## GIVEN RECORDS
lemma reflected_tail_sum_le:
  fixes g :: "nat \<Rightarrow> real"
  assumes "K < n"
  shows "real n * \<bar>\<Sum>j=n-K..n-1. g (n-j) / (real j * (real j + 1))\<bar> \<le> (\<Sum>i=1..K. \<bar>g i\<bar>) * real K"
proof -
  define B where "B = (\<Sum>i=1..K. \<bar>g i\<bar>)"
  have "\<bar>g (n-j)\<bar> \<le> B" if "j \<in> {n-K..n-1}" for j
    unfolding B_def by (rule member_le_sum) (use that \<open>K < n\<close> in auto)
  then have "\<bar>\<Sum>j=n-K..n-1. g (n-j) / (real j * (real j + 1))\<bar> \<le> (\<Sum>j=n-K..n-1. B / (real j * (real j + 1)))"
    by (intro order.trans[OF sum_abs] sum_mono) (auto simp: abs_mult intro!: divide_right_mono)
  also have "\<dots> = B * (\<Sum>j=n-K..n-1. 1 / (real j * (real j + 1)))"
    by (simp add: sum_distrib_left)
  also have "\<dots> = B * (1 / real (n-K) - 1 / real n)"
    using sum_inverse_consecutive[of "n-K" "n-1"] \<open>K < n\<close> by simp
  finally have "real n * \<bar>\<Sum>j=n-K..n-1. g (n-j) / (real j * (real j + 1))\<bar>
      \<le> real n * (B * (1 / real (n-K) - 1 / real n))"
    by (rule mult_left_mono) simp
  also have "\<dots> = B * real K / real (n-K)"
    using \<open>K < n\<close> by (simp add: field_simps of_nat_diff)
  also have "\<dots> \<le> B * real K / 1"
    using \<open>K < n\<close> by (intro divide_left_mono) (auto simp: B_def)
  finally show ?thesis by (simp add: B_def)
qed

lemma genL_eventually_const_bounded:
  fixes f :: "nat \<Rightarrow> real"
  assumes tail: "\<forall>j>K. f j = A"
    and cancel: "\<gamma> * A - \<theta> * A + \<gamma> * (\<Sum>j=1..K. (f j - A) / (real j * (real j + 1))) = 0"
  shows "Bseq (genL \<beta> \<theta> \<gamma> f)"
proof -
  define B where "B = (\<Sum>i=1..K. \<bar>f i - A\<bar>)"
  have "\<bar>genL \<beta> \<theta> \<gamma> f n\<bar> \<le> \<bar>\<gamma>\<bar> * (B * real K) + \<bar>\<gamma>\<bar> * \<bar>A\<bar>" if "K < n" for n
  proof -
    define E where "E = (\<Sum>j=n-K..n-1. (f (n-j) - A) / (real j * (real j + 1)))"
    have "real n * \<bar>E\<bar> \<le> B * real K"
      unfolding E_def B_def using reflected_tail_sum_le[OF \<open>K < n\<close>, of "\<lambda>i. f i - A"] by simp
    then have "\<bar>\<gamma>\<bar> * (real n * \<bar>E\<bar>) \<le> \<bar>\<gamma>\<bar> * (B * real K)"
      by (rule mult_left_mono) simp
    moreover have "\<bar>\<gamma> * real n * E - \<gamma> * A\<bar> \<le> \<bar>\<gamma>\<bar> * (real n * \<bar>E\<bar>) + \<bar>\<gamma>\<bar> * \<bar>A\<bar>"
      using abs_triangle_ineq4[of "\<gamma> * real n * E" "\<gamma> * A"] by (simp add: abs_mult)
    ultimately show ?thesis
      using genL_eventually_const_eq[OF tail cancel \<open>K < n\<close>, where \<beta> = \<beta>] unfolding E_def by linarith
  qed
  then show ?thesis
    by (intro BfunI eventually_mono[OF eventually_gt_at_top[of K]]) simp
qed

lemma bounded_genL_profile_exists:
  fixes \<beta> \<theta> \<gamma> :: real
  assumes "\<theta> > 0" "\<gamma> > 0"
  obtains \<psi> :: "nat \<Rightarrow> real" and c
  where "c > 0" "\<forall>n\<ge>1. c \<le> \<psi> n \<and> \<psi> n \<le> 1" "\<psi> 2 < \<psi> 1" "Bseq (genL \<beta> \<theta> \<gamma> \<psi>)"
proof -
  define K :: nat where "K = max 2 (nat \<lceil>\<gamma> / \<theta>\<rceil>)"
  have "2 \<le> K" "\<gamma> / \<theta> \<le> real K" unfolding K_def by linarith+
  then have "\<gamma> \<le> \<theta> * real K" using assms by (simp add: divide_le_eq mult.commute)
  define s where "s = (\<theta> * (real K + 1) - \<gamma>) / (\<gamma> * real K)"
  have "s > 0"
    using \<open>2 \<le> K\<close> \<open>\<gamma> \<le> \<theta> * real K\<close> assms unfolding s_def by (intro divide_pos_pos) (auto simp: distrib_left)
  define A where "A = 1 / (1 + 2 * s)"
  have "A > 0" using \<open>s > 0\<close> by (simp add: A_def)
  \<comment> \<open>The bump at 1 and 2 has zero mass for the weights 1/(j(j+1)); it only makes \<psi>
    non-constant when \<theta> = \<gamma>, where s = 1.\<close>
  define v where "v n = (if n = 1 then 5/4 * s else if n = 2 then s / 4 else if n \<le> K then s else 1)"
    for n :: nat
  define \<psi> where "\<psi> n = A * v n" for n
  have bounds: "A * min (s/4) 1 \<le> \<psi> n \<and> \<psi> n \<le> 1" for n
  proof -
    have "min (s/4) 1 \<le> v n" "v n \<le> 1 + 2 * s" using \<open>s > 0\<close> by (auto simp: v_def)
    then have "A * min (s/4) 1 \<le> A * v n" "A * v n \<le> A * (1 + 2 * s)"
      using \<open>A > 0\<close> by (auto intro: mult_left_mono)
    moreover have "A * (1 + 2 * s) = 1" using \<open>s > 0\<close> by (simp add: A_def)
    ultimately show ?thesis by (simp add: \<psi>_def)
  qed
  have "\<psi> 2 < \<psi> 1" using \<open>s > 0\<close> \<open>A > 0\<close> by (simp add: \<psi>_def v_def)
  have "(\<psi> j - A) / (real j * (real j + 1))
      = A * (s - 1) / (real j * (real j + 1)) + (if j = 1 then A * s / 8 else 0) - (if j = 2 then A * s / 8 else 0)"
    if "j \<in> {1..K}" for j
    using that by (auto simp: \<psi>_def v_def field_simps)
  then have "(\<Sum>j=1..K. (\<psi> j - A) / (real j * (real j + 1)))
      = A * (s - 1) * (\<Sum>j=1..K. 1 / (real j * (real j + 1)))"
    using \<open>2 \<le> K\<close> by (simp add: sum.distrib sum_subtractf sum_distrib_left)
  also have "\<dots> = A * (s - 1) * real K / (real K + 1)"
    using sum_inverse_consecutive[of 1 K] \<open>2 \<le> K\<close> by (simp add: field_simps)
  also have "\<gamma> * \<dots> = A * (\<theta> - \<gamma>)"
  proof -
    have "\<gamma> * real K * (s - 1) = (\<theta> - \<gamma>) * (real K + 1)"
      using \<open>2 \<le> K\<close> assms by (simp add: s_def field_simps)
    then have "A * (\<gamma> * real K * (s - 1)) = A * ((\<theta> - \<gamma>) * (real K + 1))" by simp
    then show ?thesis by (simp add: field_simps)
  qed
  finally have "\<gamma> * A - \<theta> * A + \<gamma> * (\<Sum>j=1..K. (\<psi> j - A) / (real j * (real j + 1))) = 0"
    by (simp add: algebra_simps)
  moreover have "\<forall>j>K. \<psi> j = A" using \<open>2 \<le> K\<close> by (simp add: \<psi>_def v_def)
  ultimately have "Bseq (genL \<beta> \<theta> \<gamma> \<psi>)" by (intro genL_eventually_const_bounded)
  moreover have "A * min (s/4) 1 > 0" using \<open>s > 0\<close> \<open>A > 0\<close> by simp
  ultimately show thesis using that bounds \<open>\<psi> 2 < \<psi> 1\<close> by blast
qed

## EXERCISE
Lines from the entries that contain the word "Bseq" are what the answer must hold.

## RESPONSE AREA
  shows "Bseq (genL \<beta> \<theta> \<gamma> f)"
  where "c > 0" "\<forall>n\<ge>1. c \<le> \<psi> n \<and> \<psi> n \<le> 1" "\<psi> 2 < \<psi> 1" "Bseq (genL \<beta> \<theta> \<gamma> \<psi>)"
  ultimately have "Bseq (genL \<beta> \<theta> \<gamma> \<psi>)" by (intro genL_eventually_const_bounded)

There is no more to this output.